Histopathologic features
Ossifying fibroma shows a range of histologic appearances. It shows fibrous and osseous tissues with the former tissue predominating. The fibrous stroma is highly cellular, with spindle-shaped fibroblastic cells arranged in whorls. A fibrous capsule may be seen in some cases. The osseous tissue consists of rounded or lobulated basophilic masses (cementum-like), trabeculae of osteoid, woven or lamellar bone, or combination of the two. Osteoblastic rimming around the trabeculae can be seen. Focal clusters of giant cells (osteoclasts) can be seen to be arranged haphazardly or adjacent to the mineralized material.

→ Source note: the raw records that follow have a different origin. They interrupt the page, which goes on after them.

text \<open>Garsia's proof: \<open>S\<^sub>N x - S\<^sub>N (T x) \<le> g x\<close> wherever \<open>S\<^sub>N x > 0\<close>, and
  \<open>S\<^sub>N\<close> and \<open>S\<^sub>N \<circ> T\<close> have the same integral.\<close>
lemma maximal_ergodic_inequality:
  assumes g: "integrable M g"
  shows "0 \<le> integral\<^sup>L M (\<lambda>x. indicator {x. 0 < max_birkhoff_sum g N x} x * g x)"
proof -
  let ?S = "max_birkhoff_sum g N" and ?P = "{x. 0 < max_birkhoff_sum g N x}"
  have [measurable]: "g \<in> borel_measurable M" using g by auto
  have SI: "integrable M ?S" by (rule integrable_max_birkhoff_sum[OF g])
  have STI: "integrable M (\<lambda>x. ?S ((T ^^ 1) x))" by (rule integrable_Tn[OF SI])
  have PI: "integrable M (\<lambda>x. indicator ?P x * g x)"
  proof (rule Bochner_Integration.integrable_bound[where f = "\<lambda>x. \<bar>g x\<bar>"])
    show "(\<lambda>x. indicator ?P x * g x) \<in> borel_measurable M" by measurable
  qed (use g in \<open>auto intro!: AE_I2 simp: indicator_def\<close>)
  have pointwise: "?S x - ?S (T x) \<le> indicator ?P x * g x" for x
  proof (cases "0 < ?S x")
    case True
    obtain n where n: "n \<le> N" "?S x = birkhoff_sum g n x"
      using max_birkhoff_sum_attained by blast
    then obtain m where m: "n = Suc m" using True by (cases n) auto
    have "?S x = g x + birkhoff_sum g m (T x)" using n m birkhoff_sum_Suc by simp
    also have "\<dots> \<le> g x + ?S (T x)" using birkhoff_sum_le_max[of m N g "T x"] n m by simp
    finally show ?thesis using True by simp
  next
    case False
    then show ?thesis using max_birkhoff_sum_nonneg[of g N x] max_birkhoff_sum_nonneg[of g N "T x"]
      by simp
  qed
  have "integral\<^sup>L M (\<lambda>x. ?S ((T ^^ 1) x)) = integral\<^sup>L M ?S"
    by (rule integral_Tn) measurable
  then have "0 = integral\<^sup>L M ?S - integral\<^sup>L M (\<lambda>x. ?S ((T ^^ 1) x))"
    by simp
  also have "\<dots> = integral\<^sup>L M (\<lambda>x. ?S x - ?S (T x))"
    using SI STI by simp
  also have "\<dots> \<le> integral\<^sup>L M (\<lambda>x. indicator ?P x * g x)"
    using SI STI PI pointwise by (intro integral_mono) auto
  finally show ?thesis .
qed

definition unbounded_birkhoff_set :: "('a \<Rightarrow> real) \<Rightarrow> 'a set" where
  "unbounded_birkhoff_set g = {x \<in> space M. \<forall>C::nat. \<exists>n. real C < birkhoff_sum g n x}"

lemma sets_unbounded_birkhoff_set[measurable]:
  "g \<in> borel_measurable M \<Longrightarrow> unbounded_birkhoff_set g \<in> sets M"
  unfolding unbounded_birkhoff_set_def by measurable

lemma unbounded_birkhoff_set_invariant:
  "T -` unbounded_birkhoff_set g \<inter> space M = unbounded_birkhoff_set g"
proof (intro set_eqI iffI)
  fix x assume "x \<in> T -` unbounded_birkhoff_set g \<inter> space M"
  then have x: "x \<in> space M" and Tx: "\<forall>C::nat. \<exists>n. real C < birkhoff_sum g n (T x)"
    unfolding unbounded_birkhoff_set_def by auto
  have "\<exists>n. real C < birkhoff_sum g n x" for C :: nat
  proof -
    obtain C' :: nat where C': "real C - g x \<le> real C'"
      using real_nat_ceiling_ge by blast
    obtain n where "real C' < birkhoff_sum g n (T x)" using Tx by blast
    then have "real C < birkhoff_sum g (Suc n) x" using C' birkhoff_sum_Suc[of g n x] by simp
    then show ?thesis by blast
  qed
  then show "x \<in> unbounded_birkhoff_set g" unfolding unbounded_birkhoff_set_def using x by auto
next
  fix x assume "x \<in> unbounded_birkhoff_set g"
  then have x: "x \<in> space M" and X: "\<forall>C::nat. \<exists>n. real C < birkhoff_sum g n x"
    unfolding unbounded_birkhoff_set_def by auto
  have "\<exists>n. real C < birkhoff_sum g n (T x)" for C :: nat
  proof -
    obtain C' :: nat where C': "real C + \<bar>g x\<bar> \<le> real C'"
      using real_nat_ceiling_ge by blast
    obtain n where n: "real C' < birkhoff_sum g n x" using X by blast
    then obtain m where m: "n = Suc m" by (cases n) auto
    then have "real C < birkhoff_sum g m (T x)" using n C' birkhoff_sum_Suc[of g m x] by simp
    then show ?thesis by blast
  qed
  then show "x \<in> T -` unbounded_birkhoff_set g \<inter> space M"
    unfolding unbounded_birkhoff_set_def using x measurable_space[OF measurable_T x] by auto
qed

text \<open>If the Birkhoff sums were a.s. unbounded, the maximal ergodic inequality in the limit
  \<open>N \<rightarrow> \<infinity>\<close> would give \<open>\<integral>g \<ge> 0\<close>.\<close>
lemma prob_unbounded_birkhoff_set_neq_1:
  assumes g: "integrable M g" and neg: "integral\<^sup>L M g < 0"
  shows "prob (unbounded_birkhoff_set g) \<noteq> 1"
proof
  assume P1: "prob (unbounded_birkhoff_set g) = 1"
  have [measurable]: "g \<in> borel_measurable M" using g by auto
  define s where "s N x = indicator {x. 0 < max_birkhoff_sum g N x} x * g x" for N x
  have "(\<lambda>N. integral\<^sup>L M (s N)) \<longlonglongrightarrow> integral\<^sup>L M g"
  proof (rule integral_dominated_convergence[where w = "\<lambda>x. \<bar>g x\<bar>"])
    show "AE x in M. norm (s N x) \<le> \<bar>g x\<bar>" for N
      unfolding s_def by (intro AE_I2) (auto simp: indicator_def)
    show "AE x in M. (\<lambda>N. s N x) \<longlonglongrightarrow> g x"
      using AE_prob_1[OF P1]
    proof eventually_elim
      case (elim x)
      then obtain n where n: "real 0 < birkhoff_sum g n x"
        unfolding unbounded_birkhoff_set_def by blast
      have "eventually (\<lambda>N. s N x = g x) sequentially"
      proof (rule eventually_sequentiallyI[of n])
        fix N assume "n \<le> N"
        then show "s N x = g x" using n birkhoff_sum_le_max[of n N g x] unfolding s_def by simp
      qed
      then show ?case by (rule tendsto_eventually)
    qed
    show "s N \<in> borel_measurable M" for N unfolding s_def by measurable
  qed (use g in auto)
  moreover have "\<And>N. 0 \<le> integral\<^sup>L M (s N)"
    unfolding s_def by (rule maximal_ergodic_inequality[OF g])
  ultimately have "0 \<le> integral\<^sup>L M g" by (intro LIMSEQ_le_const) auto
  then show False using neg by simp
qed

end

locale ergodic_mpt = mpt +
  assumes ergodic: "\<And>B. B \<in> sets M \<Longrightarrow> T -` B \<inter> space M = B \<Longrightarrow> prob B = 0 \<or> prob B = 1"
begin

lemma AE_birkhoff_sum_bounded:
  assumes g: "integrable M g" and neg: "integral\<^sup>L M g < 0"
  shows "AE x in M. \<exists>C. \<forall>n. birkhoff_sum g n x \<le> C"
proof -
  have gm: "g \<in> borel_measurable M" using g by auto
  have "prob (unbounded_birkhoff_set g) = 0"
    using ergodic[OF sets_unbounded_birkhoff_set[OF gm] unbounded_birkhoff_set_invariant]
      prob_unbounded_birkhoff_set_neq_1[OF g neg] by auto
  then have "AE x in M. x \<notin> unbounded_birkhoff_set g"
    using gm by (intro AE_not_in) (simp add: emeasure_eq_measure null_sets_def)
  then show ?thesis
  proof (rule AE_mp[OF _ AE_I2], intro impI)
    fix x assume "x \<in> space M" "x \<notin> unbounded_birkhoff_set g"
    then obtain C :: nat where "\<And>n. birkhoff_sum g n x \<le> real C"
      unfolding unbounded_birkhoff_set_def by (auto simp: not_less)
    then show "\<exists>C. \<forall>n. birkhoff_sum g n x \<le> C" by blast
  qed
qed

lemma birkhoff_sum_eventually_le:
  assumes h: "integrable M h" and c: "integral\<^sup>L M h < c"
  shows "AE x in M. \<exists>N. \<forall>n\<ge>N. birkhoff_sum h n x \<le> c * n"
proof -
  define c' where "c' = (integral\<^sup>L M h + c) / 2"
  have c'1: "integral\<^sup>L M h < c'" and c'2: "c' < c" using c unfolding c'_def by auto
  have "integral\<^sup>L M (\<lambda>x. h x - c') < 0" using h c'1 by (simp add: prob_space)
  then have "AE x in M. \<exists>C. \<forall>n. birkhoff_sum (\<lambda>x. h x - c') n x \<le> C"
    using h by (intro AE_birkhoff_sum_bounded) auto
  then show ?thesis
  proof eventually_elim
    case (elim x)
    then obtain C where "\<And>n. birkhoff_sum (\<lambda>x. h x - c') n x \<le> C" by blast
    then have C: "birkhoff_sum h n x \<le> c' * n + C" for n
      using birkhoff_sum_diff_const[of h c' n x] \<open>\<And>n. birkhoff_sum (\<lambda>x. h x - c') n x \<le> C\<close>[of n]
      by linarith
    obtain N :: nat where N: "C / (c - c') \<le> real N" using real_nat_ceiling_ge by blast
    have "birkhoff_sum h n x \<le> c * n" if "N \<le> n" for n
    proof -
      have "C \<le> (c - c') * real N" using N c'2 by (simp add: field_simps)
      also have "\<dots> \<le> (c - c') * n" using that c'2 by (intro mult_left_mono) auto
      finally show ?thesis using C[of n] by (simp add: algebra_simps)
    qed
    then show ?case by blast
  qed
qed

lemma birkhoff_sum_eventually_ge:
  assumes h: "integrable M h" and c: "c < integral\<^sup>L M h"
  shows "AE x in M. \<exists>N. \<forall>n\<ge>N. c * n \<le> birkhoff_sum h n x"
proof -
  have "AE x in M. \<exists>N. \<forall>n\<ge>N. birkhoff_sum (\<lambda>x. - h x) n x \<le> (-c) * n"
    using h c by (intro birkhoff_sum_eventually_le) auto
  then show ?thesis by eventually_elim (simp add: birkhoff_sum_uminus)
qed

end

section \<open>Kingman's upper bound\<close>

text \<open>The cocycle of the theorem after subtracting \<open>n A\<close> from \<open>a n\<close>.\<close>
locale centered_subcocycle = ergodic_mpt +
  fixes a :: "nat \<Rightarrow> 'a \<Rightarrow> real"
  assumes borel_measurable_a[measurable]: "\<And>n. a n \<in> borel_measurable M"
    and a_0: "\<And>x. x \<in> space M \<Longrightarrow> a 0 x = 0"
    and subadditive: "\<And>n m. 0 < n \<Longrightarrow> 0 < m \<Longrightarrow> AE x in M. a (n + m) x \<le> a n x + a m ((T ^^ n) x)"
    and integrable_a: "\<And>n. integrable M (a n)"
    and integral_a_nonneg: "\<And>n. 0 \<le> integral\<^sup>L M (a n)"
    and integral_a_small: "\<And>\<tau>::real. 0 < \<tau> \<Longrightarrow> \<exists>K\<ge>1. integral\<^sup>L M (a K) \<le> \<tau> * real K"
begin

Juvenile Ossifying Fibroma (Psammomatoid and Trabecular)
Histopathogic features
Microscopic examination of psammomatoid juvenile ossifying fibroma shows well demarcated but unencapsulated lesion composed of numerous small rounded mineralized collagenous bodies (psammomatoid ossicles) uniformly distributed within a cellular fibroblastic stroma. The cellularity of the fibroblastic stroma varies in different tumors and at different sites within the same lesion. Occasional shrunken cells, representing nuclei of osteocytes, are embedded within the ossicles, and there is usually a collagen outer band to these mineralized bodies. Some of the ossicles may show a basophilic center and eosinophilic fringe. In the periphery of the lesions, some of the ossicles show a transition into small bone trabeculae. The tumor infiltrates and destroys the adjacent bone with focal induction of reactive bone formation. Development of aneurysmal cyst is followed by focal myxoid change in the stroma with hemorrhage and osteoclastic giant cells, with gradual expansion and formation of cysts with thin fibrous walls. The differential diagnosis with other fibro-osseous lesions of the jaw, such as cemento-ossifying fibroma, osteoid osteoma or bone dysplasia, should be made with a mandatory pathological study, and is largely based on the nature of the calcified products of the tumor. The mineralized tissue of central ossifying fibroma is composed of a variable combination of mature and immature bony trabeculae and lobulated basophilic masses of cementum-like material. There may be occasional concentrically laminated particles, called cementicles, but these are not a prominent feature of psammomatoid entity.
Fibrous Dysplasia
Etiology
The molecular mechanism responsible for fibrous dysplasia is a postzygotic activating mutation of the GNAS1 gene that encodes for the Gsα subunit of the heterotrimeric G protein complex. The result is constitutive activation of the adenylyl cyclase enzyme and overproduction of 3′,5′-cyclic adenosine monophosphate. The most common GNAS1 gene mutations are a replacement of arginine by either cysteine or histidine at codon 201 (R201C or R201H), but other mutations have also been identified. The severity of the disease phenotype is thought to depend on when the mutation occurs during embryogenesis. If the mutation occurs during the formation of the inner cell mass, all three germ cell layers will be affected and the phenotype will be McCune–Albright’s syndrome. If it occurs later in development, only one or two germ cell layers will be affected and the phenotype is less severe. Fibrous dysplasia is considered a disease of cells of the mesenchymal stem cell/osteoblastic lineage in which excess cyclic adenosine monophosphate impairs the ability of the stem cell to differentiate into a mature functioning osteoblast.